Despite the narrowness of his escape, Menendez painted the government as the villain and cast himself as the powerless victim of a two-tier system that favors the rich.
I understand now better why many Americans feel that justice is elusive… But for supporters from across the country and New Jersey … I could never have afforded the opportunity to defend myself and the millions that it has cost. That being said, it’s the system of justice not that I thought it was. It’s the system of justice you can afford.
Politico, November 17, 2011. “Menendez: Hung jury sent ‘a powerful message to the government.’”
The new indictment paints a very dark picture. It accuses Menendez of taking cash, a luxury car, and bars of gold. What for? Astonishingly, he’s accused of helping a foreign government: the brutal dictatorship of Egypt.
Among other actions, MENENDEZ provided sensitive U.S. Government information and took other steps that secretly aided the Government of Egypt.
What makes this so damning is that Menendez was Chairman or Ranking Member of the Senate Foreign Relations Committee, which gave him, as the indictment points out, “substantial influence over foreign military sales and foreign military financing to Egypt.”
It doesn’t end there. Prosecutors accuse Menendez of having used his influence to derail criminal investigations in New Jersey and also having attempted to influence federal prosecutions. Again, pretty bad stuff.
This is the avarice of which Montesquieu warned: if the charges are true, self-interest and greed have replaced the notion of public service.
And in the argument that he deploys against the prosecutors, we see that Menendez was to be free against the laws.
Menendez is entitled in law to the presumption of innocence, a point he (and his shrinking band of supporters) make forcefully and repeatedly. And he points to what he calls his “acquittal” in 2017 as evidence that the government is out to get him.
But here is where Menendez is doing something really slippery: he (and his dwindling band of supporters in the Democratic Party) deliberate conflate two distinct questions:
a) whether he is whether he is guilty beyond reasonable doubt (the criminal standard), and
b) whether he should resign his Senate seat.
It suits Menendez to argue that the presumption of innocence covers his role as a Senator. After all, if he didn’t do anything wrong, then why should he quit?
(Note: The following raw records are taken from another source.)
(* Let $\Gamma_M$ ($M>0$) be a family of nonatomic routing games with a single OD pair with demand $M$, sharing the same graph, path set and edge costs $(c_e)_{e\in\mathcal E}$, where each $c_e$ is a polynomial. Then $\mathrm{PoA}(\Gamma_M)\to 1$ as $M\to \infty$.
   Context: A nonatomic routing game with a single OD pair consists of a finite directed multigraph with edge set $\mathcal E$, a nonempty finite set $\mathcal P$ of paths from an origin to a destination, a demand $M>0$, and continuous nondecreasing edge costs $c_e:[0,\infty)\to[0,\infty)$. Feasible flows: $f\in\mathbb R_+^{\mathcal P}$ with $\sum_p f_p=M$; loads $x_e=\sum_{p\ni e}f_p$; path costs $c_p(f)=\sum_{e\in p}c_e(x_e)$. A Wardrop equilibrium is a feasible $f^*$ with $c_p(f^* )\le c_{p'}(f^* )$ whenever $f^*_p>0$. Social cost $L(x)=\sum_e x_ec_e(x_e)$; $\mathrm{Opt}$ is its minimum over feasible loads, $\mathrm{Eq}=L(x^* )$ at an equilibrium load, and $\mathrm{PoA}=\mathrm{Eq}/\mathrm{Opt}$; it is assumed that $\mathrm{Opt}>0$ (otherwise $\mathrm{PoA}:=1$). *)

theory Defs
  imports "HOL-Analysis.Analysis" "HOL-Computational_Algebra.Polynomial"
begin

fun walk_from :: "('e \<Rightarrow> 'v) \<Rightarrow> ('e \<Rightarrow> 'v) \<Rightarrow> 'v \<Rightarrow> 'e list \<Rightarrow> 'v list" where
  "walk_from src tgt u [] = [u]"
| "walk_from src tgt u (e # es) = u # walk_from src tgt (tgt e) es"

definition is_od_path :: "('e \<Rightarrow> 'v) \<Rightarrow> ('e \<Rightarrow> 'v) \<Rightarrow> 'v \<Rightarrow> 'v \<Rightarrow> 'e list \<Rightarrow> bool" where
  "is_od_path src tgt orig dest p \<longleftrightarrow>
     p \<noteq> [] \<and>
     (\<forall>i < length p - 1. tgt (p ! i) = src (p ! (i+1))) \<and>
     src (p ! 0) = orig \<and> tgt (last p) = dest \<and>
     distinct (walk_from src tgt orig p)"

definition feasible :: "'e list set \<Rightarrow> real \<Rightarrow> ('e list \<Rightarrow> real) \<Rightarrow> bool" where
  "feasible P M f \<longleftrightarrow> (\<forall>p\<in>P. f p \<ge> 0) \<and> (\<Sum>p\<in>P. f p) = M"

definition load :: "'e list set \<Rightarrow> ('e list \<Rightarrow> real) \<Rightarrow> 'e \<Rightarrow> real" where
  "load P f e = (\<Sum>p\<in>{p\<in>P. e \<in> set p}. f p)"

definition path_cost :: "('e \<Rightarrow> real \<Rightarrow> real) \<Rightarrow> 'e list set \<Rightarrow> ('e list \<Rightarrow> real) \<Rightarrow> 'e list \<Rightarrow> real" where
  "path_cost c P f p = (\<Sum>e\<in>set p. c e (load P f e))"

definition wardrop :: "('e \<Rightarrow> real \<Rightarrow> real) \<Rightarrow> 'e list set \<Rightarrow> real \<Rightarrow> ('e list \<Rightarrow> real) \<Rightarrow> bool" where
  "wardrop c P M f \<longleftrightarrow> feasible P M f \<and>
     (\<forall>p\<in>P. \<forall>p'\<in>P. f p > 0 \<longrightarrow> path_cost c P f p \<le> path_cost c P f p')"

definition social_cost :: "('e::finite \<Rightarrow> real \<Rightarrow> real) \<Rightarrow> ('e \<Rightarrow> real) \<Rightarrow> real" where
  "social_cost c x = (\<Sum>e\<in>UNIV. x e * c e (x e))"

definition Opt :: "('e::finite \<Rightarrow> real \<Rightarrow> real) \<Rightarrow> 'e list set \<Rightarrow> real \<Rightarrow> real" where
  "Opt c P M = Inf {social_cost c (load P f) | f. feasible P M f}"

definition PoA :: "('e::finite \<Rightarrow> real \<Rightarrow> real) \<Rightarrow> 'e list set \<Rightarrow> real \<Rightarrow> ('e list \<Rightarrow> real) \<Rightarrow> real" where
  "PoA c P M f = (if Opt c P M > 0 then social_cost c (load P f) / Opt c P M else 1)"

end

theory Submission
  imports Defs "HOL-Computational_Algebra.Fundamental_Theorem_Algebra" "HOL-Library.Landau_Symbols"
begin

text \<open>If some path has identically zero cost, the price of anarchy is 1 for every demand.
  Otherwise write each cost as a polynomial q_e and let D be the least d such that some path p0
  uses only edges of degree at most d; then every path contains an edge of nonzero cost and
  degree at least D, so the optimum grows like M^(D+1). At equilibrium every used edge costs at
  most the cost of p0, which is O(M^D); hence on edges of degree above D the load is o(M) and
  x c(x) is o(M^(D+1)). For the Beckmann potential \<Phi>_e (the antiderivative of c_e) one has
  (D+1) \<Phi>_e(x) \<le> x c_e(x) + O(1 + x^D) on all edges, with the reverse inequality on edges of
  degree at most D. Since the equilibrium minimises the total potential, the equilibrium cost
  exceeds the optimum by o(M^(D+1)), and the price of anarchy tends to 1.\<close>

section \<open>Polynomials and their antiderivatives\<close>

lemma power_le_one_plus_power:
  fixes x :: real
  assumes "0 \<le> x" "j \<le> D"
  shows "x ^ j \<le> 1 + x ^ D"
proof (cases "x \<le> 1")
  case True
  then have "x ^ j \<le> 1" by (rule power_le_one[OF assms(1)])
  then show ?thesis using assms(1) by (simp add: add_increasing2)
next
  case False
  then have "x ^ j \<le> x ^ D" using assms(2) by (intro power_increasing) auto
  then show ?thesis by simp
qed

lemma poly_le_sum_abs_coeff_power:
  fixes q :: "real poly"
  assumes "1 \<le> y" "degree q \<le> D"
  shows "poly q y \<le> (\<Sum>j\<le>degree q. \<bar>coeff q j\<bar>) * y ^ D"
proof -
  have "poly q y = (\<Sum>j\<le>degree q. coeff q j * y ^ j)" by (rule poly_altdef)
  also have "\<dots> \<le> (\<Sum>j\<le>degree q. \<bar>coeff q j\<bar> * y ^ D)"
  proof (rule sum_mono)
    fix j assume "j \<in> {..degree q}"
    then have "y ^ j \<le> y ^ D" using assms by (intro power_increasing) auto
    then show "coeff q j * y ^ j \<le> \<bar>coeff q j\<bar> * y ^ D"
      using assms(1) by (intro mult_mono) auto
  qed
  finally show ?thesis by (simp add: sum_distrib_right)
qed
And, separately, shouldn’t the voters of New Jersey have the right to determine who represents them?
This argument is as destructive to our democratic institutions as the alleged corruption and avarice that got him indicted.
Menendez would have us forget that not being found guilty is different from being innocent. But that’s not the really important point.
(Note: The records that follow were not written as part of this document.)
lemma strict_mono_deriv_above_tangent:
  fixes g g' :: "real \<Rightarrow> real"
  assumes deriv: "\<And>x. x \<in> S \<Longrightarrow> (g has_real_derivative g' x) (at x within S)"
    and "connected S" and mono: "strict_mono_on S g'"
    and u: "u \<in> S" and v: "v \<in> S" and "u \<noteq> v"
  shows "g v + g' v * (u - v) < g u"
proof (cases "u < v")
  case True
  then obtain \<xi> where \<xi>: "u < \<xi>" "\<xi> < v" "g v - g u = g' \<xi> * (v - u)"
    using mvt_within[OF deriv \<open>connected S\<close> u v] by blast
  have "\<xi> \<in> S"
    using connected_contains_Icc[OF \<open>connected S\<close> u v] \<xi> by auto
  then have "g' \<xi> * (v - u) < g' v * (v - u)"
    using \<xi> v True by (simp add: strict_mono_onD[OF mono])
  with \<xi> show ?thesis
    by (simp add: algebra_simps)
next
  case False
  then have "v < u" using \<open>u \<noteq> v\<close> by simp
  then obtain \<xi> where \<xi>: "v < \<xi>" "\<xi> < u" "g u - g v = g' \<xi> * (u - v)"
    using mvt_within[OF deriv \<open>connected S\<close> v u] by blast
  have "\<xi> \<in> S"
    using connected_contains_Icc[OF \<open>connected S\<close> v u] \<xi> by auto
  then have "g' v * (u - v) < g' \<xi> * (u - v)"
    using \<xi> v \<open>v < u\<close> by (simp add: strict_mono_onD[OF mono])
  with \<xi> show ?thesis
    by (simp add: algebra_simps)
qed

lemma convex_deriv_quadratic_upper_bound:
  fixes g g' :: "real \<Rightarrow> real"
  assumes deriv: "\<And>x. x \<in> S \<Longrightarrow> (g has_real_derivative g' x) (at x within S)"
    and "connected S" and conv: "convex_on S g'"
    and t: "t \<in> S" and L: "L \<in> S" and "t < L" and u: "t \<le> u" "u \<le> L"
  shows "g u \<le> g t + g' t * (u - t) + (g' L - g' t) / (L - t) * (u - t)\<^sup>2 / 2"
proof (cases "t = u")
  case False
  define m where "m = (g' L - g' t) / (L - t)"
  define \<phi> where "\<phi> x = g x - g t - g' t * (x - t) - m * (x - t)\<^sup>2 / 2" for x
  have tL: "{t..L} \<subseteq> S"
    using \<open>connected S\<close> t L by (rule connected_contains_Icc)
  have chord: "g' x \<le> g' t + m * (x - t)" if "x \<in> {t..L}" for x
    using convex_onD_Icc'[OF convex_on_subset[OF conv tL] that] by (simp add: m_def)
  have d\<phi>: "(\<phi> has_real_derivative g' x - g' t - m * (x - t)) (at x within S)" if "x \<in> S" for x
    unfolding \<phi>_def using deriv[OF that] by (auto intro!: derivative_eq_intros)
  have "u \<in> S" "t < u"
    using tL u False by auto
  obtain \<xi> where \<xi>: "t < \<xi>" "\<xi> < u" "\<phi> u - \<phi> t = (g' \<xi> - g' t - m * (\<xi> - t)) * (u - t)"
    using mvt_within[OF d\<phi> \<open>connected S\<close> t \<open>u \<in> S\<close> \<open>t < u\<close>] by blast
  moreover have "g' \<xi> - g' t - m * (\<xi> - t) \<le> 0"
    using chord[of \<xi>] \<xi> u by simp
  ultimately have "\<phi> u \<le> 0"
    using u by (simp add: \<phi>_def mult_nonpos_nonneg)
  then show ?thesis
    by (simp add: \<phi>_def m_def)
qed simp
At the moment that Menendez makes the argument that the legal presumption of innocence carries with it the presumption that he has an entitlement to his office, he has made a corrupt argument. He (deliberately) conflates his personal interest in holding office with the supposed public interest of having him as Senator.
When plausibly charged with a crime, the Senator has lost legitimacy. Failing to be convicted is a low bar; demonstrating real virtue is high one. And the core of virtue must be selflessness — putting the interests of the republic ahead of one’s own interest. Virtue isn’t merely doing what one is legally obligated to do or not doing what is illegal; political virtue, at its most basic, consists of acting in the common good.
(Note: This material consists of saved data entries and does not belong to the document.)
(* Let $N\ge1$, $\alpha>0$, $a_k,w_k\in\mathbb{C}$ with $a_k\neq0$ for $k=1,\dots,N$ and $\Re w_k\neq\Re w_l$ for $k\neq l$. For $k=1,\dots,N$, $s=0,\dots,N-1$ let $$A_{k,s}=(-1)^s\sum_{\substack{j_1<\dots<j_s\\ j_l\neq k}} e^{\frac{2\pi}{\alpha}(w_{j_1}+\dots+w_{j_s})},\qquad m_s(\xi)=\sum_{k=1}^N a_kA_{k,s}e^{2\pi\xi w_k}.$$ For $\theta\in\mathbb{R}$ let $B(\theta,N)$ be the $N\times N$ matrix with entries $B_{r,s}=m_{s}(\theta-r)$, $r=0,\dots,N-1$, $s=0,\dots,N-1$. Then $\det B(\theta,N)\neq0$ for every $\theta\in\mathbb{R}$.
   Context: In the definition of $A_{k,s}$ the sum is over all $s$-element subsets $\{j_1,\dots,j_s\}$ of $\{1,\dots,N\}\setminus\{k\}$, with $A_{k,0}=1$. *)

theory Defs
  imports Complex_Main "Jordan_Normal_Form.Determinant"
begin

definition A_coef :: "nat \<Rightarrow> real \<Rightarrow> (nat \<Rightarrow> complex) \<Rightarrow> nat \<Rightarrow> nat \<Rightarrow> complex" where
  "A_coef N \<alpha> w k s =
     (-1) ^ s * (\<Sum>J\<in>{J. J \<subseteq> {1..N} - {k} \<and> card J = s}.
        exp (complex_of_real (2 * pi / \<alpha>) * (\<Sum>j\<in>J. w j)))"

definition m_fun :: "nat \<Rightarrow> real \<Rightarrow> (nat \<Rightarrow> complex) \<Rightarrow> (nat \<Rightarrow> complex) \<Rightarrow> nat \<Rightarrow> real \<Rightarrow> complex" where
  "m_fun N \<alpha> a w s \<xi> =
     (\<Sum>k=1..N. a k * A_coef N \<alpha> w k s * exp (complex_of_real (2 * pi * \<xi>) * w k))"

definition B_mat :: "nat \<Rightarrow> real \<Rightarrow> (nat \<Rightarrow> complex) \<Rightarrow> (nat \<Rightarrow> complex) \<Rightarrow> real \<Rightarrow> complex mat" where
  "B_mat N \<alpha> a w \<theta> = mat N N (\<lambda>(r, s). m_fun N \<alpha> a w s (\<theta> - real r))"

end

theory Submission
  imports Defs
begin

(* With u_k = exp (2 pi w_k / alpha) and z_k = exp (-2 pi w_k), the generating polynomial
   of s |-> A_{k,s} is prod_{j <> k} (1 - u_j x), which vanishes at x = 1/u_i for every i <> k.
   Multiplying B on the right by the matrix (u_i^-s)_{s,i} therefore leaves a single exponential
   in each entry: the product is the Vandermonde matrix (z_i^r)_{r,i} times a diagonal matrix with
   entries a_i exp (2 pi theta w_i) prod_{j <> i} (1 - u_j / u_i). Distinct real parts of the w_k
   make the u_k, and the z_k, pairwise distinct, so both factors are nonsingular. *)

definition vandermonde_mat :: "nat \<Rightarrow> (nat \<Rightarrow> 'a::comm_ring_1) \<Rightarrow> 'a mat" where
  "vandermonde_mat n t = mat n n (\<lambda>(r, k). t k ^ r)"

lemma det_mat_diag: "det (mat_diag n f) = (\<Prod>i<n. f i :: 'a::comm_ring_1)"
proof -
  have "upper_triangular (mat_diag n f)"
    by (rule upper_triangularI) (simp add: mat_diag_def)
  then have "det (mat_diag n f) = prod_list (diag_mat (mat_diag n f))"
    by (rule det_upper_triangular[of _ n]) simp
  then show ?thesis
    by (simp add: prod_list_diag_prod mat_diag_def atLeast0LessThan)
qed

lemma poly_eq_sum_coeff_lessThan:
  fixes x :: "'a::comm_semiring_1"
  assumes "degree p < n"
  shows "poly p x = (\<Sum>i<n. coeff p i * x ^ i)"
proof -
  have "poly p x = (\<Sum>i\<le>degree p. coeff p i * x ^ i)" by (simp add: poly_altdef)
  also have "\<dots> = (\<Sum>i<n. coeff p i * x ^ i)"
    using assms by (intro sum.mono_neutral_left) (auto simp: coeff_eq_0)
  finally show ?thesis .
qed

(* The coefficient rows of the Lagrange polynomials prod_{j <> i} (X - t_j) invert the
   Vandermonde matrix up to a nonsingular diagonal factor. *)
lemma det_vandermonde_mat_nonzero:
  fixes t :: "nat \<Rightarrow> 'a::field"
  assumes inj: "inj_on t {..<n}"
  shows "det (vandermonde_mat n t) \<noteq> 0"
proof -
  define lag where "lag i = (\<Prod>j\<in>{..<n} - {i}. [:- t j, 1:])" for i
  define L where "L = mat n n (\<lambda>(i, r). coeff (lag i) r)"
  have poly_lag: "poly (lag i) x = (\<Prod>j\<in>{..<n} - {i}. x - t j)" for i x
    by (simp add: lag_def poly_prod)
  have degree_lag: "degree (lag i) < n" if "i < n" for i
  proof -
    have "degree (lag i) \<le> (\<Sum>j\<in>{..<n} - {i}. degree [:- t j, 1:])"
      unfolding lag_def by (rule degree_prod_sum_le[unfolded o_def]) simp
    also have "\<dots> < n" using that by simp
    finally show ?thesis .
  qed
  have "L * vandermonde_mat n t = mat_diag n (\<lambda>i. poly (lag i) (t i))"
  proof (rule eq_matI)
    fix i k assume "i < dim_row (mat_diag n (\<lambda>i. poly (lag i) (t i)))"
      "k < dim_col (mat_diag n (\<lambda>i. poly (lag i) (t i)))"
    then have i: "i < n" and k: "k < n" by (auto simp: mat_diag_def)
    have "(L * vandermonde_mat n t) $$ (i, k) = poly (lag i) (t k)"
      using i k degree_lag[OF i]
      by (simp add: L_def vandermonde_mat_def scalar_prod_def atLeast0LessThan
          poly_eq_sum_coeff_lessThan)
    also have "\<dots> = mat_diag n (\<lambda>i. poly (lag i) (t i)) $$ (i, k)"
    proof (cases "i = k")
      case False
      then have "k \<in> {..<n} - {i}" using k by simp
      then have "poly (lag i) (t k) = 0"
        unfolding poly_lag by (intro prod_zero) auto
      then show ?thesis using i k False by (simp add: mat_diag_def)
    qed (use i in \<open>simp add: mat_diag_def\<close>)
    finally show "(L * vandermonde_mat n t) $$ (i, k) = mat_diag n (\<lambda>i. poly (lag i) (t i)) $$ (i, k)" .
  qed (auto simp: L_def vandermonde_mat_def mat_diag_def)
  moreover have "poly (lag i) (t i) \<noteq> 0" if "i < n" for i
    using inj that by (auto simp: poly_lag inj_on_def)
  ultimately have "det (L * vandermonde_mat n t) \<noteq> 0"
    by (simp add: det_mat_diag)
  moreover have "det (L * vandermonde_mat n t) = det L * det (vandermonde_mat n t)"
    by (rule det_mult[of _ n]) (simp_all add: L_def vandermonde_mat_def)
  ultimately show ?thesis by simp
qed

lemma prod_one_minus_mult_eq_sum:
  fixes u :: "'b \<Rightarrow> 'a::comm_ring_1"
  assumes fin: "finite S" and card: "card S < n"
  shows "(\<Prod>j\<in>S. 1 - u j * x)
    = (\<Sum>s<n. (-1) ^ s * (\<Sum>J\<in>{J. J \<subseteq> S \<and> card J = s}. \<Prod>j\<in>J. u j) * x ^ s)"
proof -
  have "(\<Prod>j\<in>S. 1 - u j * x) = (\<Prod>j\<in>S. - (u j * x) + 1)" by simp
  also have "\<dots> = (\<Sum>J\<in>Pow S. (\<Prod>j\<in>J. - (u j * x)) * (\<Prod>j\<in>S - J. 1))"
    by (rule prod_add[OF fin])
  also have "\<dots> = (\<Sum>J\<in>Pow S. (-1) ^ card J * (\<Prod>j\<in>J. u j) * x ^ card J)"
  proof (rule sum.cong[OF refl])
    fix J assume "J \<in> Pow S"
    have "(\<Prod>j\<in>J. - (u j * x)) = (\<Prod>j\<in>J. (- x) * u j)" by (simp add: mult.commute)
    also have "\<dots> = (- x) ^ card J * (\<Prod>j\<in>J. u j)" by (simp only: prod.distrib prod_constant)
    finally show "(\<Prod>j\<in>J. - (u j * x)) * (\<Prod>j\<in>S - J. 1) = (-1) ^ card J * (\<Prod>j\<in>J. u j) * x ^ card J"
      by (simp add: power_minus[of x])
  qed
  also have "\<dots> = (\<Sum>s<n. \<Sum>J\<in>{J \<in> Pow S. card J = s}. (-1) ^ card J * (\<Prod>j\<in>J. u j) * x ^ card J)"
    using fin card by (intro sum.group[symmetric]) (auto intro: le_less_trans card_mono)
  also have "\<dots> = (\<Sum>s<n. (-1) ^ s * (\<Sum>J\<in>{J. J \<subseteq> S \<and> card J = s}. \<Prod>j\<in>J. u j) * x ^ s)"
    by (intro sum.cong refl) (auto simp: sum_distrib_left sum_distrib_right mult_ac intro: sum.cong)
  finally show ?thesis .
qed

lemma sum_prod_one_minus_at_inverse:
  fixes u c :: "'b \<Rightarrow> 'a::field"
  assumes "finite K" "i \<in> K" "u i \<noteq> 0"
  shows "(\<Sum>k\<in>K. c k * (\<Prod>j\<in>K - {k}. 1 - u j * inverse (u i)))
    = c i * (\<Prod>j\<in>K - {i}. 1 - u j * inverse (u i))"
proof -
  have "c k * (\<Prod>j\<in>K - {k}. 1 - u j * inverse (u i)) = 0" if "k \<in> K - {i}" for k
    using assms that by (auto intro!: bexI[of _ i])
  then have "(\<Sum>k\<in>K - {i}. c k * (\<Prod>j\<in>K - {k}. 1 - u j * inverse (u i))) = 0"
    by (rule sum.neutral[OF ballI])
  then show ?thesis using assms by (simp add: sum.remove[of _ i])
qed

lemma prod_one_minus_at_inverse_nonzero:
  fixes u :: "'b \<Rightarrow> 'a::field"
  assumes "inj_on u K" "i \<in> K" "u i \<noteq> 0"
  shows "(\<Prod>j\<in>K - {i}. 1 - u j * inverse (u i)) \<noteq> 0"
proof -
  have "1 - u j * inverse (u i) \<noteq> 0" if "j \<in> K - {i}" for j
    using assms that by (auto simp: field_simps dest: inj_onD)
  then show ?thesis by (cases "finite K") auto
qed

lemma inj_on_exp_scaled:
  fixes w :: "'b \<Rightarrow> complex"
  assumes "c \<noteq> 0" "inj_on (\<lambda>k. Re (w k)) K"
  shows "inj_on (\<lambda>k. exp (complex_of_real c * w k)) K"
proof (rule inj_onI)
  fix k l assume "k \<in> K" "l \<in> K" "exp (complex_of_real c * w k) = exp (complex_of_real c * w l)"
  then have "norm (exp (complex_of_real c * w k)) = norm (exp (complex_of_real c * w l))"
    by simp
  then have "exp (c * Re (w k)) = exp (c * Re (w l))" by simp
  then have "Re (w k) = Re (w l)" using assms(1) by simp
  then show "k = l" using assms(2) \<open>k \<in> K\<close> \<open>l \<in> K\<close> by (auto dest: inj_onD)
qed

lemma A_coef_generating_poly:
  assumes "k \<in> {1..N}"
  shows "(\<Sum>s<N. A_coef N \<alpha> w k s * x ^ s)
    = (\<Prod>j\<in>{1..N} - {k}. 1 - exp (complex_of_real (2 * pi / \<alpha>) * w j) * x)"
proof -
  have "exp (complex_of_real (2 * pi / \<alpha>) * sum w J)
      = (\<Prod>j\<in>J. exp (complex_of_real (2 * pi / \<alpha>) * w j))" if "J \<subseteq> {1..N} - {k}" for J
    using that by (simp add: sum_distrib_left exp_sum finite_subset)
  then have "A_coef N \<alpha> w k s = (-1) ^ s *
      (\<Sum>J\<in>{J. J \<subseteq> {1..N} - {k} \<and> card J = s}. \<Prod>j\<in>J. exp (complex_of_real (2 * pi / \<alpha>) * w j))"
    for s unfolding A_coef_def by (intro arg_cong[where f="(*) _"] sum.cong) auto
  moreover have "card ({1..N} - {k}) < N" using assms by simp
  ultimately show ?thesis by (simp add: prod_one_minus_mult_eq_sum)
qed

lemma B_mat_mult_inverse_powers:
  fixes \<alpha> \<theta> :: real and a w :: "nat \<Rightarrow> complex"
  defines "u j \<equiv> exp (complex_of_real (2 * pi / \<alpha>) * w j)"
    and "z j \<equiv> exp (complex_of_real (- 2 * pi) * w j)"
  shows "B_mat N \<alpha> a w \<theta> * mat N N (\<lambda>(s, i). inverse (u (Suc i)) ^ s)
    = vandermonde_mat N (\<lambda>i. z (Suc i)) * mat_diag N (\<lambda>i. a (Suc i)
        * exp (complex_of_real (2 * pi * \<theta>) * w (Suc i))
        * (\<Prod>j\<in>{1..N} - {Suc i}. 1 - u j * inverse (u (Suc i))))"
    (is "_ * ?C = ?V * mat_diag N (\<lambda>i. ?c (Suc i))")
proof (rule eq_matI)
  fix r i assume "r < dim_row (?V * mat_diag N (\<lambda>i. ?c (Suc i)))"
    "i < dim_col (?V * mat_diag N (\<lambda>i. ?c (Suc i)))"
  then have r: "r < N" and i: "i < N" by (auto simp: vandermonde_mat_def mat_diag_def)
  define x where "x = inverse (u (Suc i))"
  have shift: "exp (complex_of_real (2 * pi * (\<theta> - real r)) * w k)
      = exp (complex_of_real (2 * pi * \<theta>) * w k) * z k ^ r" for k
  proof -
    have split: "complex_of_real (2 * pi * (\<theta> - real r)) * w k
        = complex_of_real (2 * pi * \<theta>) * w k + of_nat r * (complex_of_real (- 2 * pi) * w k)"
      by (simp add: algebra_simps)
    show ?thesis unfolding z_def split exp_add exp_of_nat_mult ..
  qed
  have "(B_mat N \<alpha> a w \<theta> * ?C) $$ (r, i) = (\<Sum>s<N. m_fun N \<alpha> a w s (\<theta> - real r) * x ^ s)"
    using r i by (simp add: B_mat_def x_def scalar_prod_def atLeast0LessThan)
  also have "\<dots> = (\<Sum>s<N. \<Sum>k=1..N. (a k * exp (complex_of_real (2 * pi * \<theta>) * w k) * z k ^ r)
      * (A_coef N \<alpha> w k s * x ^ s))"
    unfolding m_fun_def shift sum_distrib_right by (simp add: mult_ac)
  also have "\<dots> = (\<Sum>k=1..N. (a k * exp (complex_of_real (2 * pi * \<theta>) * w k) * z k ^ r)
      * (\<Sum>s<N. A_coef N \<alpha> w k s * x ^ s))"
    by (subst sum.swap) (simp add: sum_distrib_left)
  also have "\<dots> = (\<Sum>k=1..N. (a k * exp (complex_of_real (2 * pi * \<theta>) * w k) * z k ^ r)
      * (\<Prod>j\<in>{1..N} - {k}. 1 - u j * x))"
    by (intro sum.cong refl) (simp add: A_coef_generating_poly u_def)
  also have "\<dots> = ?c (Suc i) * z (Suc i) ^ r"
    using i unfolding x_def by (subst sum_prod_one_minus_at_inverse) (auto simp: u_def)
  also have "\<dots> = (?V * mat_diag N (\<lambda>i. ?c (Suc i))) $$ (r, i)"
    using r i by (subst mat_diag_mult_right[of _ N]) (auto simp: vandermonde_mat_def)
  finally show "(B_mat N \<alpha> a w \<theta> * ?C) $$ (r, i) = (?V * mat_diag N (\<lambda>i. ?c (Suc i))) $$ (r, i)" .
qed (auto simp: B_mat_def vandermonde_mat_def mat_diag_def)

theorem lemma5p1:
  fixes N :: nat and \<alpha> :: real and a w :: "nat \<Rightarrow> complex"
  assumes "N \<ge> 1" and "\<alpha> > 0"
    and "\<forall>k\<in>{1..N}. a k \<noteq> 0"
    and "\<forall>k\<in>{1..N}. \<forall>l\<in>{1..N}. k \<noteq> l \<longrightarrow> Re (w k) \<noteq> Re (w l)"
  shows "\<forall>\<theta>::real. det (B_mat N \<alpha> a w \<theta>) \<noteq> 0"
proof
  fix \<theta> :: real
  define u where "u j = exp (complex_of_real (2 * pi / \<alpha>) * w j)" for j
  define z where "z j = exp (complex_of_real (- 2 * pi) * w j)" for j
  define d where "d i = a (Suc i) * exp (complex_of_real (2 * pi * \<theta>) * w (Suc i))
    * (\<Prod>j\<in>{1..N} - {Suc i}. 1 - u j * inverse (u (Suc i)))" for i
  define C where "C = mat N N (\<lambda>(s, i). inverse (u (Suc i)) ^ s)"
  have Re_w: "inj_on (\<lambda>k. Re (w k)) {1..N}" using assms(4) by (auto intro: inj_onI)
  have u: "inj_on u {1..N}"
    unfolding u_def[abs_def] using Re_w assms(2) by (intro inj_on_exp_scaled) auto
  have "inj_on z {1..N}"
    unfolding z_def[abs_def] using Re_w by (intro inj_on_exp_scaled) auto
  then have "inj_on (z \<circ> Suc) {..<N}"
    by (intro comp_inj_on) (simp_all add: image_Suc_lessThan)
  then have "det (vandermonde_mat N (\<lambda>i. z (Suc i))) \<noteq> 0"
    using det_vandermonde_mat_nonzero by (simp add: o_def)
  moreover have "d i \<noteq> 0" if "i < N" for i
    using that assms(3) prod_one_minus_at_inverse_nonzero[OF u, of "Suc i"]
    by (simp add: d_def u_def)
  then have "det (mat_diag N d) \<noteq> 0" by (simp add: det_mat_diag)
  moreover have "B_mat N \<alpha> a w \<theta> * C = vandermonde_mat N (\<lambda>i. z (Suc i)) * mat_diag N d"
    unfolding C_def d_def u_def z_def by (rule B_mat_mult_inverse_powers)
  then have "det (B_mat N \<alpha> a w \<theta>) * det C
      = det (vandermonde_mat N (\<lambda>i. z (Suc i))) * det (mat_diag N d)"
    by (metis det_mult mat_carrier mat_diag_dim B_mat_def C_def vandermonde_mat_def)
  ultimately show "det (B_mat N \<alpha> a w \<theta>) \<noteq> 0" by auto
qed

end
Holding public office is not an individual right; public office is an honor and carries with a heightened responsibility. Public office, whether elective or appointed, is about public service. Our system depends on the rectitude of public servants; indeed, our system depends on the real virtue of those public servants.
Menendez must go; a virtuous person would have resigned long ago.
But what is also important is that the Democratic Party recognize that its strength and its importance does not come merely from holding office; its strength comes from its virtue. At a time when the nation is faced by the specter of a political party that has entirely abandoned the notion of truth, transparency, and decency, it is all the more important for those who believe in the democratic experiment to hold themselves and their colleagues to the highest possible standard.